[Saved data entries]
[Start of Attachment]

(*
  In a Dedekind domain a nonzero r lies in only finitely many maximal
  ideals: otherwise the principal ideal R r would start an endless strictly ascending
  chain of nonzero ideals each lying in infinitely many maximal ideals (such an ideal
  is not prime, since nonzero primes are maximal, and one of the two ideals I + R a,
  I + R b for a b \<in> I, a, b \<notin> I, inherits the property), contradicting Noetherianity.
  Hence if r f is integral at every P, the component f P can be non-integral only at
  the finitely many P containing r; conversely, finitely many non-integral components
  are cleared by the product of their denominators.

  Choose pairwise distinct maximal ideals
  G (n, m), arranged in countably many infinite blocks n, and regard families as a
  Q-vector space.  The families with bounded denominators on block n form a subspace
  L n containing all integral families, and the family e n with value 1/pi at a nonzero
  pi \<in> P for each P of block n is not in L n.  A Q-linear functional c n vanishing on
  L n with c n (e n) = 1 is thus well defined on the product of the Q/R_P and only sees
  block n.  Adding suitable multiples of the e n then shifts the coordinates
  (c 0, c 1, ...) by one place, which absorbs the extra summand Q.
*)


section \<open>Ideals\<close>

lemma ideal_0: "ideal I \<Longrightarrow> 0 \<in> I"
  and ideal_add: "ideal I \<Longrightarrow> x \<in> I \<Longrightarrow> y \<in> I \<Longrightarrow> x + y \<in> I"
  and ideal_mult: "ideal I \<Longrightarrow> x \<in> I \<Longrightarrow> r * x \<in> I"
  by (simp_all add: ideal_def)

lemma ideal_mult_right: "ideal I \<Longrightarrow> x \<in> I \<Longrightarrow> x * r \<in> I"
  using ideal_mult[of I x r] by (simp add: mult.commute)

lemma ideal_zero: "ideal {0}"
  by (simp add: ideal_def)

definition ideal_extend :: "'a::comm_ring_1 set \<Rightarrow> 'a \<Rightarrow> 'a set" where
  "ideal_extend I a = {p + x * a | p x. p \<in> I}"
theorem lemma4p2:
  fixes V :: "'v set" and E :: "'v set set"
    and G :: "('v \<Rightarrow> 'v) set" and Gs :: "nat \<Rightarrow> ('v \<Rightarrow> 'v) set"
    and VD :: "nat \<Rightarrow> 'v set" and ED :: "nat \<Rightarrow> 'v set set"
    and \<mu> :: "nat \<Rightarrow> 'v set set set measure" and \<nu> :: "'v set set measure"
  assumes graph: "simple_graph V E" and conn: "graph_connected V E"
    and locfin: "locally_finite V E" and ctble: "countable V"
    and subG: "subgroup G (aut_group V E)"
    and normal: "\<And>i. Gs i \<lhd> (aut_group V E)\<lparr>carrier := G\<rparr>"
    and closed: "\<And>i. closedin (perm_top V G) (Gs i)"
    and decr: "\<And>i. Gs (Suc i) \<subseteq> Gs i"
    and amen: "\<And>i. amenable ((aut_group V E)\<lparr>carrier := G\<rparr> Mod Gs i)
                       (quot_top (perm_top V G) (carrier ((aut_group V E)\<lparr>carrier := G\<rparr> Mod Gs i)))"
    and trivial: "(\<Inter>i. Gs i) = {id}"
    and D_sub: "\<And>i. VD i \<subseteq> V \<and> ED i \<subseteq> E \<and> (\<forall>e\<in>ED i. e \<subseteq> VD i)"
    and D_conn: "\<And>i. graph_connected (VD i) (ED i)"
    and D_incr: "\<And>i. VD i \<subseteq> VD (Suc i) \<and> ED i \<subseteq> ED (Suc i)"
    and D_union: "(\<Union>i. VD i) = V" "(\<Union>i. ED i) = E"
    and D_bij: "\<And>i. bij_betw (edge_orbit (Gs i)) (ED i) (quot_edges E (Gs i))"
    and rand_i: "\<And>i. prob_space (\<mu> i)"
    and rand_i_sets: "\<And>i. sets (\<mu> i) = sets (subgraph_space (quot_edges E (Gs i)))"
    and rand: "prob_space \<nu>" and rand_sets: "sets \<nu> = sets (subgraph_space E)"
  shows "weak_star_conv E (\<lambda>i. distr (\<mu> i) (subgraph_space E) (lift_sub E (Gs i))) \<nu>
     \<longleftrightarrow> weak_star_conv E (\<lambda>i. distr (\<mu> i) (subgraph_space E) (\<lambda>S. lift_sub E (Gs i) S \<inter> ED i)) \<nu>"
proof (rule weak_star_conv_iff_eventually_agree[OF rand_i,
      where X = "\<lambda>i. lift_sub E (Gs i)" and Y = "\<lambda>i S. lift_sub E (Gs i) S \<inter> ED i"])
  fix i
  show lift: "lift_sub E (Gs i) \<in> measurable (\<mu> i) (subgraph_space E)"
    using measurable_lift_sub by (subst measurable_cong_sets[OF rand_i_sets refl])
  show "(\<lambda>S. lift_sub E (Gs i) S \<inter> ED i) \<in> measurable (\<mu> i) (subgraph_space E)"
    using lift measurable_Int_const_subgraph_space by (rule measurable_compose)
next
  fix F :: "'v set set" assume "finite F" "F \<subseteq> E"
  moreover have "incseq ED" using D_incr by (simp add: incseq_SucI)
  ultimately have "eventually (\<lambda>i. F \<subseteq> ED i) sequentially"
    using D_union(2) by (intro eventually_finite_subset_incseq) auto
  then show "eventually (\<lambda>i. \<forall>S\<in>space (\<mu> i).
      lift_sub E (Gs i) S \<inter> F = (lift_sub E (Gs i) S \<inter> ED i) \<inter> F) sequentially"
    by (rule eventually_mono) blast
qed

end
(* Let $f$ be a quadratic rational map with critical values $v_1,v_2$ satisfying $f(v_1)=f(v_2)=\beta$, $f(\beta)=\alpha$, $f(\alpha)=\alpha$, with $\alpha\neq\beta$. Then $$[v_1:v_2:\alpha:\beta]\in\{-1,\ 3+2\sqrt2,\ 3-2\sqrt2\}.$$
   Context: For four points $p,q,r,s\in\hat{\mathbb{C}}$ with $p,q,r$ distinct, the cross-ratio $[p:q:r:s]$ is defined as $z(s)$, where $z$ is the unique Möbius transformation with $z(p)=0$, $z(q)=\infty$, $z(r)=1$. *)

theory Defs
  imports "HOL-Analysis.Analysis" "HOL-Computational_Algebra.Computational_Algebra"
begin

text \<open>The Riemann sphere is modelled as \<open>complex option\<close>: \<open>Some z\<close> is the
  point z of the complex plane and \<open>None\<close> is the point at infinity.\<close>

type_synonym csphere = "complex option"

definition moebius :: "complex \<Rightarrow> complex \<Rightarrow> complex \<Rightarrow> complex \<Rightarrow> csphere \<Rightarrow> csphere" where
  "moebius a b c d x = (case x of
      Some z \<Rightarrow> (if c * z + d = 0 then None else Some ((a * z + b) / (c * z + d)))
    | None \<Rightarrow> (if c = 0 then None else Some (a / c)))"

definition is_moebius :: "(csphere \<Rightarrow> csphere) \<Rightarrow> bool" where
  "is_moebius g \<longleftrightarrow> (\<exists>a b c d. a * d - b * c \<noteq> 0 \<and> g = moebius a b c d)"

[End of Attachment]

- **Exercise directions**
The answer is the full data, repeated exactly as shown.

- **Response area**
(*
  In a Dedekind domain a nonzero r lies in only finitely many maximal
  ideals: otherwise the principal ideal R r would start an endless strictly ascending
  chain of nonzero ideals each lying in infinitely many maximal ideals (such an ideal
  is not prime, since nonzero primes are maximal, and one of the two ideals I + R a,
  I + R b for a b \<in> I, a, b \<notin> I, inherits the property), contradicting Noetherianity.
  Hence if r f is integral at every P, the component f P can be non-integral only at
  the finitely many P containing r; conversely, finitely many non-integral components
  are cleared by the product of their denominators.

  Choose pairwise distinct maximal ideals
  G (n, m), arranged in countably many infinite blocks n, and regard families as a
  Q-vector space.  The families with bounded denominators on block n form a subspace
  L n containing all integral families, and the family e n with value 1/pi at a nonzero
  pi \<in> P for each P of block n is not in L n.  A Q-linear functional c n vanishing on
  L n with c n (e n) = 1 is thus well defined on the product of the Q/R_P and only sees
  block n.  Adding suitable multiples of the e n then shifts the coordinates
  (c 0, c 1, ...) by one place, which absorbs the extra summand Q.
*)


section \<open>Ideals\<close>

lemma ideal_0: "ideal I \<Longrightarrow> 0 \<in> I"
  and ideal_add: "ideal I \<Longrightarrow> x \<in> I \<Longrightarrow> y \<in> I \<Longrightarrow> x + y \<in> I"
  and ideal_mult: "ideal I \<Longrightarrow> x \<in> I \<Longrightarrow> r * x \<in> I"
  by (simp_all add: ideal_def)

lemma ideal_mult_right: "ideal I \<Longrightarrow> x \<in> I \<Longrightarrow> x * r \<in> I"
  using ideal_mult[of I x r] by (simp add: mult.commute)

lemma ideal_zero: "ideal {0}"
  by (simp add: ideal_def)

definition ideal_extend :: "'a::comm_ring_1 set \<Rightarrow> 'a \<Rightarrow> 'a set" where
  "ideal_extend I a = {p + x * a | p x. p \<in> I}"
theorem lemma4p2:
  fixes V :: "'v set" and E :: "'v set set"
    and G :: "('v \<Rightarrow> 'v) set" and Gs :: "nat \<Rightarrow> ('v \<Rightarrow> 'v) set"
    and VD :: "nat \<Rightarrow> 'v set" and ED :: "nat \<Rightarrow> 'v set set"
    and \<mu> :: "nat \<Rightarrow> 'v set set set measure" and \<nu> :: "'v set set measure"
  assumes graph: "simple_graph V E" and conn: "graph_connected V E"
    and locfin: "locally_finite V E" and ctble: "countable V"
    and subG: "subgroup G (aut_group V E)"
    and normal: "\<And>i. Gs i \<lhd> (aut_group V E)\<lparr>carrier := G\<rparr>"
    and closed: "\<And>i. closedin (perm_top V G) (Gs i)"
    and decr: "\<And>i. Gs (Suc i) \<subseteq> Gs i"
    and amen: "\<And>i. amenable ((aut_group V E)\<lparr>carrier := G\<rparr> Mod Gs i)
                       (quot_top (perm_top V G) (carrier ((aut_group V E)\<lparr>carrier := G\<rparr> Mod Gs i)))"
    and trivial: "(\<Inter>i. Gs i) = {id}"
    and D_sub: "\<And>i. VD i \<subseteq> V \<and> ED i \<subseteq> E \<and> (\<forall>e\<in>ED i. e \<subseteq> VD i)"
    and D_conn: "\<And>i. graph_connected (VD i) (ED i)"
    and D_incr: "\<And>i. VD i \<subseteq> VD (Suc i) \<and> ED i \<subseteq> ED (Suc i)"
    and D_union: "(\<Union>i. VD i) = V" "(\<Union>i. ED i) = E"
    and D_bij: "\<And>i. bij_betw (edge_orbit (Gs i)) (ED i) (quot_edges E (Gs i))"
    and rand_i: "\<And>i. prob_space (\<mu> i)"
    and rand_i_sets: "\<And>i. sets (\<mu> i) = sets (subgraph_space (quot_edges E (Gs i)))"
    and rand: "prob_space \<nu>" and rand_sets: "sets \<nu> = sets (subgraph_space E)"
  shows "weak_star_conv E (\<lambda>i. distr (\<mu> i) (subgraph_space E) (lift_sub E (Gs i))) \<nu>
     \<longleftrightarrow> weak_star_conv E (\<lambda>i. distr (\<mu> i) (subgraph_space E) (\<lambda>S. lift_sub E (Gs i) S \<inter> ED i)) \<nu>"
proof (rule weak_star_conv_iff_eventually_agree[OF rand_i,
      where X = "\<lambda>i. lift_sub E (Gs i)" and Y = "\<lambda>i S. lift_sub E (Gs i) S \<inter> ED i"])
  fix i
  show lift: "lift_sub E (Gs i) \<in> measurable (\<mu> i) (subgraph_space E)"
    using measurable_lift_sub by (subst measurable_cong_sets[OF rand_i_sets refl])
  show "(\<lambda>S. lift_sub E (Gs i) S \<inter> ED i) \<in> measurable (\<mu> i) (subgraph_space E)"
    using lift measurable_Int_const_subgraph_space by (rule measurable_compose)
next
  fix F :: "'v set set" assume "finite F" "F \<subseteq> E"
  moreover have "incseq ED" using D_incr by (simp add: incseq_SucI)
  ultimately have "eventually (\<lambda>i. F \<subseteq> ED i) sequentially"
    using D_union(2) by (intro eventually_finite_subset_incseq) auto
  then show "eventually (\<lambda>i. \<forall>S\<in>space (\<mu> i).
      lift_sub E (Gs i) S \<inter> F = (lift_sub E (Gs i) S \<inter> ED i) \<inter> F) sequentially"
    by (rule eventually_mono) blast
qed

end
(* Let $f$ be a quadratic rational map with critical values $v_1,v_2$ satisfying $f(v_1)=f(v_2)=\beta$, $f(\beta)=\alpha$, $f(\alpha)=\alpha$, with $\alpha\neq\beta$. Then $$[v_1:v_2:\alpha:\beta]\in\{-1,\ 3+2\sqrt2,\ 3-2\sqrt2\}.$$
   Context: For four points $p,q,r,s\in\hat{\mathbb{C}}$ with $p,q,r$ distinct, the cross-ratio $[p:q:r:s]$ is defined as $z(s)$, where $z$ is the unique Möbius transformation with $z(p)=0$, $z(q)=\infty$, $z(r)=1$. *)

theory Defs
  imports "HOL-Analysis.Analysis" "HOL-Computational_Algebra.Computational_Algebra"
begin

text \<open>The Riemann sphere is modelled as \<open>complex option\<close>: \<open>Some z\<close> is the
  point z of the complex plane and \<open>None\<close> is the point at infinity.\<close>

type_synonym csphere = "complex option"

definition moebius :: "complex \<Rightarrow> complex \<Rightarrow> complex \<Rightarrow> complex \<Rightarrow> csphere \<Rightarrow> csphere" where
  "moebius a b c d x = (case x of
      Some z \<Rightarrow> (if c * z + d = 0 then None else Some ((a * z + b) / (c * z + d)))
    | None \<Rightarrow> (if c = 0 then None else Some (a / c)))"

definition is_moebius :: "(csphere \<Rightarrow> csphere) \<Rightarrow> bool" where
  "is_moebius g \<longleftrightarrow> (\<exists>a b c d. a * d - b * c \<noteq> 0 \<and> g = moebius a b c d)"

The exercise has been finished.